Continuous Availability for Your Business Networks.
This silo based methodology almost always results in the use of several different availability / DR technologies from an array of vendors, with noticably different designs, capabilities and limited/no integration points. For example, an online web ordering system might deploy network load balancing for front end web servers, some form of data mirroring or clustering for backend database servers, and a 3rd party availability
alternative for middleware. Point of sale solutions, CRM tools, and even BlackBerry messaging environments follow a similar prescription, employing alternate technologies for every layer in the application stack.
Employing such an approach to running a business continuity solution for your company application ecosystem has countless drawbacks. Initially, one must examine the cost implications of utilizing different technologies within a continuous availability or DR architecture. The most apparent cost is the capital outlay for the hardware/software alone. By electing (or being forced) to use different solutions from different vendors, there is no option to leverage economies of scale. Most hardware and software companies offer volume based pricing enticements for larger order sizes, but this option is obviously lost when various alternatives from different vendors are employed.
Moreover if each solution leverages different underlying hardware, disk, or OS technologies, an even higher total cost of ownership will be noticed. Of course cost extends beyond just hardware and software to include implementation, training, and
ongoing management costs. Imaginedeploying even a comparatively basic, three tier application architecture. In the online web ordering example explained previously, one would need to deal with the somewhat daunting task of learning about not only the intricacies of SQL clustering, but also deployment and management of network load balancing and any middleware components needed. Each time a new variation of any of these solutions is released, theres the added cost of relearning a brand new technology.

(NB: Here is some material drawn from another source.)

(* Let $m\ge 1$, $n\ge 1$, and for each $i\in\{1,\dots,m\}$ let $f_i:\mathbb{R}^n\to\mathbb{R}$ be differentiable, with $\nabla f_i$ being $s_i$-Lipschitz for some $s_i>0$, and $f_i$ being $c_i$-strongly convex for some $c_i>0$, i.e. $(\nabla f_i(x)-\nabla f_i(y))^{\top}(x-y)\ge c_i\|x-y\|^2$ for all $x,y\in\mathbb{R}^n$. Let $\alpha_i>0$ with $\sum_{i=1}^m\alpha_i=1$, let $\beta_i>0$, let $\delta>0$, and let $\sigma_i$ satisfy $$0<\sigma_i<\frac{\sqrt{2c_i}}{\sqrt{2c_i}+\sqrt{\beta_i}}.$$ Let $z^*$ be the unique minimizer of $\sum_{i=1}^m\alpha_i f_i(z)$ over $z\in\mathbb{R}^n$, and set $u_i^*=z^*$ and $\lambda_i^*=\nabla f_i(z^* )$ for all $i$. Given initial points $u_i^0,\lambda_i^0\in\mathbb{R}^n$ ($i\in[m]$) and $z^0\in\mathbb{R}^n$, let the sequence $\{(u^k,\lambda^k,z^k)\}_{k\ge0}$ be generated as follows: for $k\ge 0$ and every $i\in[m]$, 1. $u_i^{k+1}\in\mathbb{R}^n$ is any point satisfying the inexactness criterion $\|e_i^k(u_i^{k+1})\|\le\sigma_i\|e_i^k(u_i^k)\|$, where $e_i^k(u_i)=\nabla f_i(u_i)-\lambda_i^k+\beta_i(u_i-z^k)$; 2. $\lambda_i^{k+1}=\lambda_i^k-\beta_i(u_i^{k+1}-z^k)$; 3. $z^{k+1}=\frac{1}{1+\delta}\hat z^{k+1}+\frac{\delta}{1+\delta}z^k$, where $\hat z^{k+1}=\frac{1}{\sum_{i=1}^m\alpha_i\beta_i}\sum_{i=1}^m\alpha_i(\beta_iu_i^{k+1}-\lambda_i^{k+1})$ (equivalently, $z^{k+1}$ minimizes $\sum_{i=1}^m\alpha_i\big(f_i(u_i^{k+1})-(\lambda_i^{k+1})^{\top}(u_i^{k+1}-z)+\frac{\beta_i}{2}\|u_i^{k+1}-z\|^2\big)+\frac{\delta}{2}\sum_{i=1}^m\alpha_i\beta_i\|z-z^k\|^2$ over $z\in\mathbb{R}^n$). Then for every $i\in[m]$, as $k\to\infty$: $\|e_i^k(u_i^{k+1})\|\to0$, $u_i^k\to u_i^*$, $\lambda_i^k\to\lambda_i^*$, and $z^k\to z^*$.
   Context: This is the convergence of the inexact federated ADMM (all clients participate in every round) applied to $\min_{u_i,z}\sum_i\alpha_if_i(u_i)$ subject to $u_i=z$ for all $i$, whose augmented Lagrangian is $L_{\alpha,\beta}(u,\lambda,z)=\sum_{i=1}^m\alpha_i\big(f_i(u_i)-\lambda_i^{\top}(u_i-z)+\frac{\beta_i}{2}\|u_i-z\|^2\big)$. The point $(u^*,\lambda^*,z^* )$ is the unique primal–dual solution of this constrained problem. $\|\cdot\|$ is the Euclidean norm and $[m]=\{1,\dots,m\}$. *)

theory Defs
  imports "HOL-Analysis.Analysis"
begin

Then examine the complexity of integrating disparate availability technologies from numerous vendors. Are they guaranteed to interoperate with one another? Is such interoperability built in (doubtful) or will some level of customization and manual scripting (very probably) be required, so that every tier can communicate with the other tiers? If custom scripting is necessary, what happens when even a lone part of the availability architecture changes? Will additional, custom consulting work be needed to develop and re test existing scripts? Last but not least, if and when something breaks down, whose responsibility is it to establish the root cause? With different solutions from different vendors, one must be wary of the inevitable finger pointing that may result when things go bad.
Naturally one option is to simply not integrate the solutions, after all, so long as every part is doing its job, isnt it safe to deduce that the whole system is operational? Not really. Consider for example the deployment of a multi tier, distributed architecture across physical sites for DR purposes. If the entire, primary production site fails, will the servers start up in the correct order and fashion at the remote site, or will some degree of interaction be needed from an administrator?
Now consider the more probabletype of failure, when just one component instead of an entire site fails. Unless youve set up a combined High Availability + Disaster Recovery solution, possibilities are that the single failed component will resume operations at the DR site. But in most cases, the latency between sites will be too high for any multi tier application to function correctly. In this situation, its best to actually fail all of the components across to the remote site as a single, cohesive unit. But once again, how does this coordination take place? Either we are back to scripting the failover in some fashion, or else some hands on administrator engagement is required. When that takes place,
recovery times certainly increase; when recovery times increase, so does the bottom line expense of the outage to the business.